Webshit Weekly

July 31, 2025

One in six US workers pretends to use AI to please the bosses

2025-07-22 | comments

Another survey confirming that the American workplace has completed its transition into a full‑time LARP about “AI transformation.” One in six workers now pretends to use a clanker because their digital feudal lords believe productivity comes from chanting prompts into the void. Hackernews, naturally, shows up to miscorrect each other about how they personally use automated plagiarism engines to “supercharge” their workflow, which mostly means letting a token predictor fabricate errors faster than they can fix them. The rest confess, sotto voce, that they simply wave the sacred chatbot around like incense so the boss thinks they’re sufficiently future‑pilled. This whole industry has become a cargo cult built around impressing middle managers who couldn’t debug a toaster, but can definitely check a dashboard tracking how many times you said “hello copilot” today. Meanwhile, everyone quietly agrees the outputs are unusable slop, but acting otherwise is now considered a core job competency, just like pretending your boss’s jokes are funny.

Elon Musk on Robotaxis 2019 vs. 2025

2025-07-23 | comments

Another Musk time‑travel performance piece, where the man who promised a million robotaxis in 2019 now congratulates himself in 2025 for deploying a dozen cosplay cars in a fenced-off slice of Austin. Naturally, the “fleet” exists solely to chauffeur Tesla influencers — the modern priest caste of the Church of Infinite Tomorrow — while a bored safety driver hovers over a kill switch like they’re watching a bomb made of hubris. This is what passes for innovation in the tech industry: a sandbox demo wrapped in a press release, seasoned with insults toward “naysayers” who had the gall to remember what he said last quarter.

Hackernews, ever desperate to protect their paper gains, insists that reality is the problem. Regulatory hurdles, they mumble, as if the California DMV hasn’t publicly confirmed that Tesla didn’t even bother to apply for the permits Musk claims are holding him back. But why ruin a good narrative with facts? The tech industry figured out a decade ago that you can replace delivery with vibes, engineering with aura farming, and still watch the stock price levitate like it’s being held up by a malfunctioning robot arm.

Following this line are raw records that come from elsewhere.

lemma lie_double_bianchiIII_eq_dual_sc:
  assumes "lie_sc (double_sc bianchiIII ft)"
  shows "\<exists>S P U R. ft = dual_sc S P U R \<and> P * U = R * S"
proof -
  have antisym: "ft i j k = - ft j i k" for i j k
    using lie_sc_antisym[OF assms, of "Inr i" "Inr j" "Inr k"] by (simp add: double_sc_def)
  have "ft = dual_sc (ft I1 I2 I1) (ft I1 I2 I2) (ft I2 I3 I1) (ft I2 I3 I2)"
    using lie_double_bianchiIII_constraints(1-5)[OF assms]
    unfolding dual_sc_def
    by (intro ext, simp add: sc3_def vec3_def antisym[of I2 I1] antisym[of I3 I2] antisym[of I1 I3]
        antisym[of i i for i, simplified] split: idx.split)
  then show ?thesis
    using lie_double_bianchiIII_constraints(6)[OF assms] by blast
qed

definition bianchiIII_aut :: "real \<Rightarrow> real \<Rightarrow> real \<Rightarrow> real \<Rightarrow> real^idx^idx" where
  "bianchiIII_aut x w y z =
     (\<chi> k i. case k of I1 \<Rightarrow> vec3 1 0 0 i | I2 \<Rightarrow> vec3 x y z i | I3 \<Rightarrow> vec3 w z y i)"

lemma bianchiIII_aut_nth:
  "bianchiIII_aut x w y z $ k $ i =
     (case k of I1 \<Rightarrow> vec3 1 0 0 i | I2 \<Rightarrow> vec3 x y z i | I3 \<Rightarrow> vec3 w z y i)"
  by (simp add: bianchiIII_aut_def)

lemma sc_hom_bianchiIII_aut: "sc_hom (bianchiIII_aut x w y z) bianchiIII bianchiIII"
  unfolding sc_hom_def sc_push_def sc_pull_def fun_eq_iff all_idx sum_UNIV_idx bianchiIII_aut_nth
  by (simp add: bianchiIII_def sc3_def vec3_def algebra_simps)

lemma invertible_matrix_vector_eq_0:
  fixes A :: "'a::field^'n^'n"
  assumes "invertible A" and "A *v v = 0"
  shows "v = 0"
  using assms matrix_left_invertible_ker unfolding invertible_def by blast

lemma vec3_0_1_neq_0: "vec_lambda (vec3 0 1 c) \<noteq> 0"
  by (simp add: vec_eq_iff all_idx vec3_def)

lemma invertible_bianchiIII_aut_iff: "invertible (bianchiIII_aut x w y z) \<longleftrightarrow> y * y \<noteq> z * z"
proof
  assume inv: "invertible (bianchiIII_aut x w y z)"
  show "y * y \<noteq> z * z"
  proof
    assume "y * y = z * z"
    then have "y = z \<or> y = - z"
      by (simp add: square_eq_iff)
    then have "bianchiIII_aut x w y z *v vec_lambda (vec3 0 1 (if y = z then - 1 else 1)) = 0"
      by (auto simp: vec_eq_iff matrix_vector_mult_def all_idx sum_UNIV_idx bianchiIII_aut_nth vec3_def)
    then show False
      using invertible_matrix_vector_eq_0[OF inv] vec3_0_1_neq_0 by blast
  qed
next
  assume "y * y \<noteq> z * z"
  define d where "d = y * y - z * z"
  have "d \<noteq> 0"
    using \<open>y * y \<noteq> z * z\<close> d_def by simp
  let ?B = "bianchiIII_aut ((z * w - y * x) / d) ((z * x - y * w) / d) (y / d) (- z / d)"
  have "bianchiIII_aut x w y z ** ?B = mat 1" and "?B ** bianchiIII_aut x w y z = mat 1"
    using \<open>d \<noteq> 0\<close>
    by (simp_all add: vec_eq_iff matrix_matrix_mult_def mat_def all_idx sum_UNIV_idx bianchiIII_aut_nth
        vec3_def field_simps, simp_all add: d_def algebra_simps)
  then show "invertible (bianchiIII_aut x w y z)"
    unfolding invertible_def by blast
qed

lemma bianchiIII_endomorphism_equations:
  assumes "sc_hom F bianchiIII bianchiIII"
  shows "F$I1$I2 + F$I1$I3 = 0"
    and "F$I1$I2 * (F$I2$I1 + F$I3$I1) - F$I1$I1 * (F$I2$I2 + F$I3$I2) + F$I2$I2 + F$I2$I3 = 0"
    and "F$I1$I2 * (F$I2$I1 + F$I3$I1) - F$I1$I1 * (F$I2$I2 + F$I3$I2) + F$I3$I2 + F$I3$I3 = 0"
    and "F$I1$I3 * (F$I2$I1 + F$I3$I1) - F$I1$I1 * (F$I2$I3 + F$I3$I3) + F$I2$I2 + F$I2$I3 = 0"
    and "F$I1$I3 * (F$I2$I2 + F$I3$I2) - F$I1$I2 * (F$I2$I3 + F$I3$I3) = 0"
proof -
  have eq: "sc_push F bianchiIII i j m = sc_pull F bianchiIII i j m" for i j m
    using assms by (simp add: sc_hom_def)
  note simps = sc_push_def sc_pull_def sum_UNIV_idx bianchiIII_def sc3_def vec3_def algebra_simps
  show "F$I1$I2 + F$I1$I3 = 0"
    using eq[of I1 I2 I1] by (simp add: simps; linarith)
  show "F$I1$I2 * (F$I2$I1 + F$I3$I1) - F$I1$I1 * (F$I2$I2 + F$I3$I2) + F$I2$I2 + F$I2$I3 = 0"
    using eq[of I1 I2 I2] by (simp add: simps; linarith)
  show "F$I1$I2 * (F$I2$I1 + F$I3$I1) - F$I1$I1 * (F$I2$I2 + F$I3$I2) + F$I3$I2 + F$I3$I3 = 0"
    using eq[of I1 I2 I3] by (simp add: simps; linarith)
  show "F$I1$I3 * (F$I2$I1 + F$I3$I1) - F$I1$I1 * (F$I2$I3 + F$I3$I3) + F$I2$I2 + F$I2$I3 = 0"
    using eq[of I1 I3 I2] by (simp add: simps; linarith)
  show "F$I1$I3 * (F$I2$I2 + F$I3$I2) - F$I1$I2 * (F$I2$I3 + F$I3$I3) = 0"
    using eq[of I2 I3 I2] by (simp add: simps; linarith)
qed

lemma bianchiIII_automorphism_eq_aut:
  assumes inv: "invertible F" and hom: "sc_hom F bianchiIII bianchiIII"
  shows "\<exists>x w y z. F = bianchiIII_aut x w y z \<and> y * y \<noteq> z * z"
proof -
  note e = bianchiIII_endomorphism_equations[OF hom]
  define c where "c = F$I2$I2 + F$I2$I3"
  have c': "F$I3$I2 + F$I3$I3 = c"
    using e(2,3) c_def by linarith
  have "c \<noteq> 0"
  proof
    assume "c = 0"
    then have "F *v vec_lambda (vec3 0 1 1) = 0"
      using e(1) c' c_def by (simp add: vec_eq_iff matrix_vector_mult_def all_idx sum_UNIV_idx vec3_def)
    then show False
      using invertible_matrix_vector_eq_0[OF inv] vec3_0_1_neq_0 by blast
  qed
  have F13: "F$I1$I3 = - F$I1$I2"
    using e(1) by linarith
  have "F$I1$I2 * (2 * c) = F$I1$I2 * (F$I2$I2 + F$I2$I3) + F$I1$I2 * (F$I3$I2 + F$I3$I3)"
    using c' c_def by (simp add: algebra_simps)
  also have "\<dots> = - (F$I1$I3 * (F$I2$I2 + F$I3$I2) - F$I1$I2 * (F$I2$I3 + F$I3$I3))"
    unfolding F13 by (simp add: algebra_simps)
  finally have F12: "F$I1$I2 = 0"
    using e(5) \<open>c \<noteq> 0\<close> by simp
  have F11_c: "F$I1$I1 * (F$I2$I2 + F$I3$I2) = c" "F$I1$I1 * (F$I2$I3 + F$I3$I3) = c"
    using e(2,4) F12 F13 c_def by simp_all
  have "F$I1$I1 * (2 * c) = F$I1$I1 * ((F$I2$I2 + F$I2$I3) + (F$I3$I2 + F$I3$I3))"
    using c' c_def by simp
  also have "\<dots> = F$I1$I1 * (F$I2$I2 + F$I3$I2) + F$I1$I1 * (F$I2$I3 + F$I3$I3)"
    by (simp add: algebra_simps)
  finally have F11: "F$I1$I1 = 1"
    using F11_c \<open>c \<noteq> 0\<close> by simp
  then have "F$I3$I2 = F$I2$I3" and "F$I3$I3 = F$I2$I2"
    using F11_c c_def by simp_all
  then have "F = bianchiIII_aut (F$I2$I1) (F$I3$I1) (F$I2$I2) (F$I2$I3)"
    using F11 F12 F13 by (simp add: vec_eq_iff all_idx bianchiIII_aut_nth vec3_def)
  then show ?thesis
    using inv invertible_bianchiIII_aut_iff by metis
qed

lemma sc_hom_transpose_aut_dual_sc:
  "sc_hom (transpose (bianchiIII_aut x w y z))
     (dual_sc (s * (y + z) - p * (x + w)) p
        (u * (y * y - z * z) - (r * (y - z) - p * (w - x)) * (x + w) - s * (y + z) * (w - x))
        (r * (y - z) - p * (w - x)))
     (dual_sc s p u r)"
  unfolding sc_hom_def sc_push_def sc_pull_def fun_eq_iff all_idx sum_UNIV_idx transpose_def vec_lambda_beta
  by (simp add: bianchiIII_aut_nth dual_sc_def sc3_def vec3_def algebra_simps)

lemma sc_hom_transpose_aut_dual_sc_iff:
  assumes "y * y \<noteq> z * z"
  shows "sc_hom (transpose (bianchiIII_aut x w y z)) (dual_sc S P U R) (dual_sc s p u r) \<longleftrightarrow>
    p = P \<and> s * (y + z) = S + P * (x + w) \<and> r * (y - z) = R + P * (w - x) \<and>
    u * (y * y - z * z) = U + R * (x + w) + s * (y + z) * (w - x)"
    (is "?hom \<longleftrightarrow> ?eqs")
proof
  have "y * y - z * z = (y + z) * (y - z)"
    by (simp add: algebra_simps)
  then have "y + z \<noteq> 0"
    using assms by auto
  assume ?hom
  then have eq: "sc_push (transpose (bianchiIII_aut x w y z)) (dual_sc S P U R) i j k
      = sc_pull (transpose (bianchiIII_aut x w y z)) (dual_sc s p u r) i j k" for i j k
    by (simp add: sc_hom_def)
  note simps = sc_push_def sc_pull_def sum_UNIV_idx transpose_def bianchiIII_aut_nth dual_sc_def sc3_def vec3_def
  have e1: "s * (y + z) = S + P * (x + w)"
    using eq[of I1 I2 I1] by (simp add: simps algebra_simps)
  have e2: "p * (y + z) = P * (y + z)"
    using eq[of I1 I2 I2] by (simp add: simps algebra_simps)
  have e3: "(y + z) * (r * (y - z)) = (y + z) * (R + p * (w - x))"
    using eq[of I2 I3 I2] by (simp add: simps algebra_simps)
  have e4: "u * (y * y - z * z) = U + R * (x + w) + s * (y + z) * (w - x)"
    using eq[of I2 I3 I1] by (simp add: simps algebra_simps)
  show ?eqs
    using e1 e2 e3 e4 \<open>y + z \<noteq> 0\<close> by simp
next
  assume ?eqs
  then have "P = p" "s * (y + z) = S + p * (x + w)" "r * (y - z) = R + p * (w - x)"
    "u * (y * y - z * z) = U + R * (x + w) + s * (y + z) * (w - x)"
    by auto
  then have "S = s * (y + z) - p * (x + w)" "P = p" "R = r * (y - z) - p * (w - x)"
    and "U = u * (y * y - z * z) - R * (x + w) - s * (y + z) * (w - x)"
    by linarith+
  then show ?hom
    using sc_hom_transpose_aut_dual_sc by simp
qed

lemma manin_isomorphic_bianchiIII_iff:
  "manin_isomorphic bianchiIII ft bianchiIII ft2 \<longleftrightarrow>
    (\<exists>x w y z. y * y \<noteq> z * z \<and> sc_hom (transpose (bianchiIII_aut x w y z)) ft ft2)"
proof
  assume "manin_isomorphic bianchiIII ft bianchiIII ft2"
  then obtain A where "invertible A" "sc_hom A bianchiIII bianchiIII" "sc_hom (transpose A) ft ft2"
    unfolding manin_isomorphic_iff_sc_hom by blast
  then show "\<exists>x w y z. y * y \<noteq> z * z \<and> sc_hom (transpose (bianchiIII_aut x w y z)) ft ft2"
    using bianchiIII_automorphism_eq_aut by blast
next
  assume "\<exists>x w y z. y * y \<noteq> z * z \<and> sc_hom (transpose (bianchiIII_aut x w y z)) ft ft2"
  then show "manin_isomorphic bianchiIII ft bianchiIII ft2"
    unfolding manin_isomorphic_iff_sc_hom
    using invertible_bianchiIII_aut_iff sc_hom_bianchiIII_aut by blast
qed

lemma manin_isomorphic_dual_sc_iff:
  "manin_isomorphic bianchiIII (dual_sc S P U R) bianchiIII (dual_sc s p u r) \<longleftrightarrow>
    (\<exists>x w y z. y * y \<noteq> z * z \<and> p = P \<and> s * (y + z) = S + P * (x + w) \<and>
      r * (y - z) = R + P * (w - x) \<and> u * (y * y - z * z) = U + R * (x + w) + s * (y + z) * (w - x))"
  unfolding manin_isomorphic_bianchiIII_iff
  by (simp add: sc_hom_transpose_aut_dual_sc_iff cong: conj_cong)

Meanwhile, Waymo is out there actually doing the boring part — running real driverless cars — which only irritates Musk more. Nothing enrages a digital feudal lord like someone accidentally proving his “physics is the limit” excuses are just another quarterly earnings hallucination.

SCOTUS to LowerCourts: Ignore Binding Precedent, Follow Our Covert Shadow Docket

2025-07-24 | comments

Another week, another institution succumbing to the tech-industry disease: making decisions by vibes because writing things down is hard. SCOTUS has apparently decided the law is just a suggestion, and lower courts should divine rulings through some jurisprudential mood board. It’s the same logic powering every startup: don’t document anything, just emit cryptic signals and hope the interns guess correctly. Hackernews, naturally, treats this like a systems-design problem, confidently proposing constitutional hot-swaps and judicial Kubernetes clusters. No one acknowledges the obvious: America’s highest court has embraced the webshit development model: ship untested garbage, refuse to explain it, and call it efficiency.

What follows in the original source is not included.